1 Investigations and Projects

  1. 1.18.

    Consider the quadratic equation \({x}^{2} + 2bx + 1 = 0\).

    1. 1.

      Show by the quadratic formula or otherwise that \(x = -b \pm \sqrt{{b}^{2 } - 1}\) and that the product of the two roots is 1.

    2. 2.

      Plot \((-b + \sqrt{{b}^{2 } - 1})(-b -\sqrt{{b}^{2 } - 1})\), which is supposed to be 1, on a logarithmic scale in Matlab as follows:

b = logspace( 6, 7.5, 1001 );

one = (-b-sqrt(b.^2-1) ).*(-b+sqrt(b.^2-1));

plot( b, one, '.' )

  1. 3.

    Using no more than one page of handwritten text (about a paragraph of typed text), partly explain why the plot looks the way it does.

  2. 4.

    If b ≫ 1, which is more accurately evaluated in floating-point arithmetic, \(-b -\sqrt{{b}^{2 } - 1}\) or \(-b + \sqrt{{b}^{2 } - 1}\)? Why?

  1. 1.19.

    Consider the outer product of two vectors \(\mathbf{x} \in {\mathbb{C}}^{m}\) and \(\mathbf{y} \in {\mathbb{C}}^{n}\): \(\mathbf{P} = \mathbf{x}{\mathbf{y}}^{H} \in {\mathbb{C}}^{m\times n}\) with \(p_{ij} = x_{i}\overline{y}_{j}\). Show that if mn > m + n, then rounding errors in computing this object cannot be modeled as a backward error; in other words, show that \(\hat{\mathbf{P}}\) is not the exact outer product of any two perturbations \(\mathbf{x} +\varDelta \mathbf{x}\) and \(\mathbf{y} +\varDelta \mathbf{y}\).

  2. 1.20.

    Let \(p {= }^{1}/_{2}\). Consider the mathematically equivalent sums

    $$\displaystyle\begin{array}{rcl} 1 =\sum _{k\geq 1} \frac{1} {{k}^{p}} - \frac{1} {{(k + 1)}^{p}}& &{}\end{array}$$
    (1.51)
    $$\displaystyle\begin{array}{rcl} =\sum _{k\geq 1}\frac{{(k + 1)}^{p} - {k}^{p}} {{k}^{p}{(k + 1)}^{p}} & &{}\end{array}$$
    (1.52)
    $$\displaystyle\begin{array}{rcl} =\sum _{k\geq 1} \frac{1} {{k}^{p}{(k + 1)}^{p}({(k + 1)}^{p} + {k}^{p})}.& &{}\end{array}$$
    (1.53)

    Which of these is the most accurate to evaluate in floating-point using naive recursive summation? Why?

  3. 1.21.

    [Zeno’s paradox: The dichotomy] One of the classical paradoxes of Zeno runs (more or less) as follows: A pair of dance partners are two units apart and wish to move together, each moving one unit. But for that to happen, they must first each move half a unit. After they have done that, then they must move half of the distance remaining. After that, they must move half the distance yet remaining, and so on. Since there are an infinite number of steps involved, logical difficulties seem to arise and indeed there is puzzlement in the first-year calculus class regarding things like this, although in modern models of analysis this paradox has long since been resolved. Roughly speaking, the applied mathematics view is that after a finite number of steps, the dancers are close enough for all practical purposes!

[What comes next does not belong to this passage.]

(* In the setting described in the context, define $$Z_0=\big\|\boldsymbol{\Pi}^{\le 2N}-\boldsymbol{\Pi}^{\le 3N}B\big(I+Dg^N(\overline{\mathbf{U}})l^{-1}\big)\boldsymbol{\Pi}^{\le 2N}\big\|_2,$$ $$Z_{1,1}=\Big(\tfrac{\mathscr{l}_{22}}{\mathscr{l}_{den}}\Big)_{2N}\|V_1^N\|_1+\Big(\tfrac{\mathscr{l}_{21}}{\mathscr{l}_{den}}\Big)_{2N}\|V_2^N\|_1,\qquad Z_{1,2}=\Big(\tfrac{\mathscr{l}_{12}}{\mathscr{l}_{den}}\Big)_{2N}\|V_1^N\|_1+\Big(\tfrac{\mathscr{l}_{11}}{\mathscr{l}_{den}}\Big)_{2N}\|V_2^N\|_1,$$ where $\big(\tfrac{\mathscr{l}_{ij}}{\mathscr{l}_{den}}\big)_{2N}=\sup_{n\in\mathbb{N}_0,\,n>2N}\big|\tfrac{\mathscr{l}_{ij}(\tilde n)}{\mathscr{l}_{den}(\tilde n)}\big|$, and let $Z_1=\sqrt{Z_0^2+2Z_{1,1}^2+2Z_{1,2}^2}$. Then $$\big\|I-B\big(I+Dg^N(\overline{\mathbf{U}})l^{-1}\big)\big\|_2\le Z_1.$$
   Context: Parameters: $\nu>0$, $\nu_1,\dots,\nu_5\in\mathbb{R}$; $\mathscr{l}(\xi)=\begin{bmatrix}\mathscr{l}_{11}(\xi)&\mathscr{l}_{12}(\xi)\\ \mathscr{l}_{21}(\xi)&\mathscr{l}_{22}(\xi)\end{bmatrix}=\begin{bmatrix}-\nu|2\pi\xi|^2+\nu_1&\nu_2\\ \nu_3&-|2\pi\xi|^2-\nu_2\end{bmatrix}$ is assumed invertible for every $\xi\in\mathbb{R}$, and $\mathscr{l}_{den}(\xi)=\det\mathscr{l}(\xi)$. Periodic setting: $d\ge1$, $\Omega_0=(-d,d)$, $|\Omega_0|=2d$, $\tilde n=n/(2d)$, $\mathbb{N}_0=\{0,1,\dots\}$, $\alpha_0=1$, $\alpha_n=2$ ($n\ge1$); $\ell^p(\mathbb{N}_0)$ has norm $\|U\|_p=(\sum_n\alpha_n|u_n|^p)^{1/p}$; $\ell^2_e=\ell^2(\mathbb{N}_0)^2$ with $\|\mathbf{U}\|_2=(\|U_1\|_2^2+\|U_2\|_2^2)^{1/2}$, and $\|\cdot\|_2$ of an operator on $\ell^2_e$ is the induced operator norm. $\gamma(u)_n=\frac1{|\Omega_0|}\int_{\Omega_0}u(x)e^{-2\pi i\tilde nx}dx$ for even $u\in L^2(\mathbb{R})$, $\gamma^\dagger(U)(x)=\mathbb{1}_{\Omega_0}(x)\sum_n\alpha_nu_n\cos(2\pi\tilde nx)$; bold versions act componentwise on pairs. $U*V=\gamma(\gamma^\dagger(U)\gamma^\dagger(V))$. $\Pi^{\le M}$ keeps coefficients with $n\le M$ and zeroes the others, $\Pi^{>M}=I-\Pi^{\le M}$, bold versions componentwise. $l$ acts on $\ell^2_e$ by $(l\mathbf{U})_n=\mathscr{l}(\tilde n)\mathbf{u}_n$ with $\mathbf{u}_n=((U_1)_n,(U_2)_n)$. Approximate objects: $N_0,N\in\mathbb{N}$; $\overline{\mathbf{U}}\in\ell^2_e$ with $\overline{\mathbf{U}}=\boldsymbol{\Pi}^{\le N_0}\overline{\mathbf{U}}$, $\overline{\mathbf{u}}=(\overline u_1,\overline u_2)=\boldsymbol{\gamma}^\dagger(\overline{\mathbf{U}})$. $B^N$ is a bounded operator on $\ell^2_e$ with $B^N=\boldsymbol{\Pi}^{\le N}B^N\boldsymbol{\Pi}^{\le N}$ and $B=\boldsymbol{\Pi}^{>N}+B^N$. Let $v_1=2\overline u_1\overline u_2+2\nu_4\overline u_1+\nu_5\overline u_2$, $v_2=\overline u_1^2+\nu_5\overline u_1$, $V_i^N=\Pi^{\le N}\gamma(v_i)$, $\mathbb{V}_i^N:W\mapsto V_i^N*W$, and $Dg^N(\overline{\mathbf{U}})=\begin{bmatrix}\mathbb{V}_1^N&\mathbb{V}_2^N\\-\mathbb{V}_1^N&-\mathbb{V}_2^N\end{bmatrix}$. *)

theory Defs
  imports "HOL-Analysis.Analysis"
begin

    In Matlab, we might phrase the paradox as follows. By symmetry, replace one partner with a mirror. Then start the remaining dancer off at s 0 = 0. The mirror is thus at s = 1. The first move is to \(s_{1} = s_{0} + (1 - s_{0})/2\). The second move is to \(s_{2} = s_{1} + (1 - s_{1})/2\). The third move is to \(s_{3} = s_{2} + (1 - s_{2})/2\), and so on. This suggests the following loop.

s = 0

i = 0

while s < 1,

    i = i+1;

    s = s + (1-s)/2;

end

dispsprintf( 'Dancer␣reached␣the␣mirror␣in␣%d␣steps', i) )

Does this loop terminate? If so, how many iterations does it take?